Em uma época de pouco movimento na área
educacional ele conseguia mobilizar alunos e comunidade nas atividades de
teatro, festivais de musicas, torneios de futebol, concurso de poesia, jogos de
voleibol, passeios com atividades pedagógicas, e muitas outras atividades que
incentivava a aprendizagem e o convívio social. Era demais, um professor que
realmente inovava a escola e entusiasmava alunos e comunidade para estar na
escola. Atualmente qualquer pessoa que o conheceu irá contar essa mesma
história que ora faço.
Vale lembrar, que como o mesmo tinha
recebido ensinamentos na área religiosa e foi seminarista, todos os domingos
celebrava o culto dominical na capela local, e toda a comunidade marcava
presença. No final da oração ele falava também das atividades escolares para
serem desenvolvida no decorrer da semana. Nos dias de festejos, nem se fala a
alegria que pairava na comunidade. O professor cuidava de tudo. Era realmente
uma unanimidade na região.
Todos o respeitavam e ouviam-no. O
jovem, como falamos antes tinha facilidade em aprender e compreender o mundo da
leitura e do conhecimento e isso despertou o interesse do professor Maciel (como
era chamado), que no ano de 1979 após ter concluído o quarto ano, lhe perguntou
se queria seguir a vida religiosa e estudar em um seminário para a formação de
padre.
Rapazinho, com 12 anos de idade, em um mundo,
como falamos antes onde tudo tinha para dar errado, sem opções na vida, agora
tudo caminhava para uma vida de sucesso. Ser padre naquela época era o ápice, a
gloria de uma família, o caminho para o céu. O arcebispo de Porto Velho,
naquela época era Dom João, homem santo.
Por já conhecer o professor Maciel e o
seu trabalho na comunidade de Nazaré, prontamente se propôs a ajudar. No mesmo
ano encaminhou o jovem ao Instituto Cristo Rei. Um Seminário salesiano
localizado em Cuiabá/MT. Na verdade O seminário ficava mesmo era em Várzea
Grande, mais todo mundo falava que era em Cuiabá. Este lugar que contribui para
a vida de milhares de jovens foi desativado na segunda metade da década de
1990.
Vida difícil aquela, dias longos longe
dos amigos, da família. Só visitava a família uma vez por ano, no mês de
janeiro. As passagens de Cuiabá a Porto
Velho e de Porto Velho a Nazaré não eram baratas. O jeito era ficar mesmo no
colégio e aproveitar os passeios das férias dos padres e as visitas às
paróquias onde ensaiava os hinos e tocava violão nas missas.
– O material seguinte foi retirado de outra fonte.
(* Let $G=(V,E)$ be a finite connected undirected graph and let $M \subseteq V$ be the set of marked vertices, where the subgraph of $G$ induced by $M$ is connected. Suppose that the subgraph of $G$ induced by $V \setminus M$ is disconnected. Then the quantum walk search on $G$ with marked set $M$ (as described in the context) has a stationary state.
   Context: Quantum walk search model: the Hilbert space has orthonormal basis $\{|u,v\rangle : \{u,v\}\in E\}$ (one basis vector per arc, i.e. per ordered pair of adjacent vertices). For a vertex $u$ with neighbourhood $N(u)$, let $|s_u\rangle = \frac{1}{\sqrt{\deg_G(u)}}\sum_{v\in N(u)}|u,v\rangle$ and $G_u = 2|s_u\rangle\langle s_u| - I$ (Grover diffusion) acting on $\mathrm{span}\{|u,v\rangle : v\in N(u)\}$. The coin $C$ acts as $G_u$ on the arcs leaving each unmarked vertex $u\notin M$ and as $-G_u$ on the arcs leaving each marked vertex $u\in M$; the flip-flop shift is $S|u,v\rangle = |v,u\rangle$; one step of the walk is $U = SC$. A stationary state is a nonzero vector $|\psi\rangle$ with $U|\psi\rangle = |\psi\rangle$. *)

theory Defs
  imports Complex_Main
begin

definition simple_graph :: "'a set \<Rightarrow> ('a \<times> 'a) set \<Rightarrow> bool" where
  "simple_graph V E \<longleftrightarrow> finite V \<and> E \<subseteq> V \<times> V \<and> sym E \<and> irrefl E"

definition nbhd :: "('a \<times> 'a) set \<Rightarrow> 'a \<Rightarrow> 'a set" where
  "nbhd E u = {v. (u, v) \<in> E}"

definition deg :: "('a \<times> 'a) set \<Rightarrow> 'a \<Rightarrow> nat" where
  "deg E u = card (nbhd E u)"

definition reach_in :: "('a \<times> 'a) set \<Rightarrow> 'a set \<Rightarrow> 'a \<Rightarrow> 'a \<Rightarrow> bool" where
  "reach_in E S = (\<lambda>x y. x \<in> S \<and> y \<in> S \<and> (x, y) \<in> E)\<^sup>*\<^sup>*"

definition connected_induced :: "('a \<times> 'a) set \<Rightarrow> 'a set \<Rightarrow> bool" where
  "connected_induced E S \<longleftrightarrow> S \<noteq> {} \<and> (\<forall>x\<in>S. \<forall>y\<in>S. reach_in E S x y)"

definition disconnected_induced :: "('a \<times> 'a) set \<Rightarrow> 'a set \<Rightarrow> bool" where
  "disconnected_induced E S \<longleftrightarrow> (\<exists>x\<in>S. \<exists>y\<in>S. \<not> reach_in E S x y)"

text \<open>States: complex amplitudes on arcs; vectors are functions on pairs vanishing off E.\<close>
definition coin :: "('a \<times> 'a) set \<Rightarrow> 'a set \<Rightarrow> ('a \<times> 'a \<Rightarrow> complex) \<Rightarrow> ('a \<times> 'a \<Rightarrow> complex)" where
  "coin E M \<psi> = (\<lambda>(u, v). if (u, v) \<in> E then
      (if u \<in> M then -1 else 1) *
        ((2 / of_nat (deg E u)) * (\<Sum>w\<in>nbhd E u. \<psi> (u, w)) - \<psi> (u, v))
      else 0)"

definition shift :: "('a \<times> 'a \<Rightarrow> complex) \<Rightarrow> ('a \<times> 'a \<Rightarrow> complex)" where
  "shift \<phi> = (\<lambda>(u, v). \<phi> (v, u))"

definition walk_op :: "('a \<times> 'a) set \<Rightarrow> 'a set \<Rightarrow> ('a \<times> 'a \<Rightarrow> complex) \<Rightarrow> ('a \<times> 'a \<Rightarrow> complex)" where
  "walk_op E M \<psi> = shift (coin E M \<psi>)"

definition is_state :: "('a \<times> 'a) set \<Rightarrow> ('a \<times> 'a \<Rightarrow> complex) \<Rightarrow> bool" where
  "is_state E \<psi> \<longleftrightarrow> (\<forall>a. a \<notin> E \<longrightarrow> \<psi> a = 0)"

definition stationary_state :: "('a \<times> 'a) set \<Rightarrow> 'a set \<Rightarrow> ('a \<times> 'a \<Rightarrow> complex) \<Rightarrow> bool" where
  "stationary_state E M \<psi> \<longleftrightarrow> is_state E \<psi> \<and> \<psi> \<noteq> (\<lambda>_. 0) \<and> walk_op E M \<psi> = \<psi>"

end

theory Submission
  imports Defs "HOL-Library.Indicator_Function"
begin

text \<open>A state equal to c(u) on every arc at an unmarked vertex u (in both directions) is fixed
  by the Grover coin there as soon as c is constant along unmarked edges, i.e. on the components
  of G[V - M]. At a marked vertex v the coin -G_v fixes every vector whose entries sum to zero, so
  on the arcs inside M one needs symmetric weights x with
  sum_{w in N(v) cap M} x(v,w) = - sum_{w in N(v) - M} c(w).
  Because G[M] is connected, walks in G[M] put every delta_r - (+-1) delta_m into the image of the
  unsigned incidence map of G[M], so this image has codimension at most one. Two components of
  G[V - M] give a two-dimensional space of admissible c, hence a nonzero c meeting the single
  remaining linear condition.\<close>

definition incidence_image :: "('a \<times> 'a) set \<Rightarrow> 'a set \<Rightarrow> ('a \<Rightarrow> complex) set" where
  "incidence_image E M = {f. \<exists>x. (\<forall>a b. x (a, b) = x (b, a)) \<and>
      (\<forall>v\<in>M. f v = (\<Sum>w\<in>nbhd E v \<inter> M. x (v, w)))}"

lemma incidence_image_zero: "(\<lambda>_. 0) \<in> incidence_image E M"
  unfolding incidence_image_def by (rule CollectI, rule exI[of _ "\<lambda>_. 0"]) simp

lemma incidence_image_add:
  assumes "f \<in> incidence_image E M" and "g \<in> incidence_image E M"
  shows "(\<lambda>v. f v + g v) \<in> incidence_image E M"
proof -
  obtain x y where "\<forall>a b. x (a, b) = x (b, a)" "\<forall>v\<in>M. f v = (\<Sum>w\<in>nbhd E v \<inter> M. x (v, w))"
    and "\<forall>a b. y (a, b) = y (b, a)" "\<forall>v\<in>M. g v = (\<Sum>w\<in>nbhd E v \<inter> M. y (v, w))"
    using assms unfolding incidence_image_def by blast
  then show ?thesis unfolding incidence_image_def
    by (intro CollectI exI[of _ "\<lambda>z. x z + y z"]) (simp add: sum.distrib)
qed

lemma incidence_image_scale:
  assumes "f \<in> incidence_image E M"
  shows "(\<lambda>v. a * f v) \<in> incidence_image E M"
proof -
  obtain x where "\<forall>a b. x (a, b) = x (b, a)" "\<forall>v\<in>M. f v = (\<Sum>w\<in>nbhd E v \<inter> M. x (v, w))"
    using assms unfolding incidence_image_def by blast
  then show ?thesis unfolding incidence_image_def
    by (intro CollectI exI[of _ "\<lambda>z. a * x z"]) (simp add: sum_distrib_left)
qed

lemma incidence_image_sum:
  assumes "finite A" and "\<And>i. i \<in> A \<Longrightarrow> F i \<in> incidence_image E M"
  shows "(\<lambda>v. \<Sum>i\<in>A. F i v) \<in> incidence_image E M"
  using assms by (induction A rule: finite_induct) (simp_all add: incidence_image_zero incidence_image_add)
E lá se foram oito longos anos de estudo.
Imaginem um garoto que morava em uma comunidade ribeirinha e que de repente vai
morar em uma cidade grande. Novos hábitos e costumes, forma de falar e muitas
outras coisas para se adaptar. À noite se chora com certeza, com saudade dos
que deixou para traz. O seminário era muito bom e a educação era de primeira.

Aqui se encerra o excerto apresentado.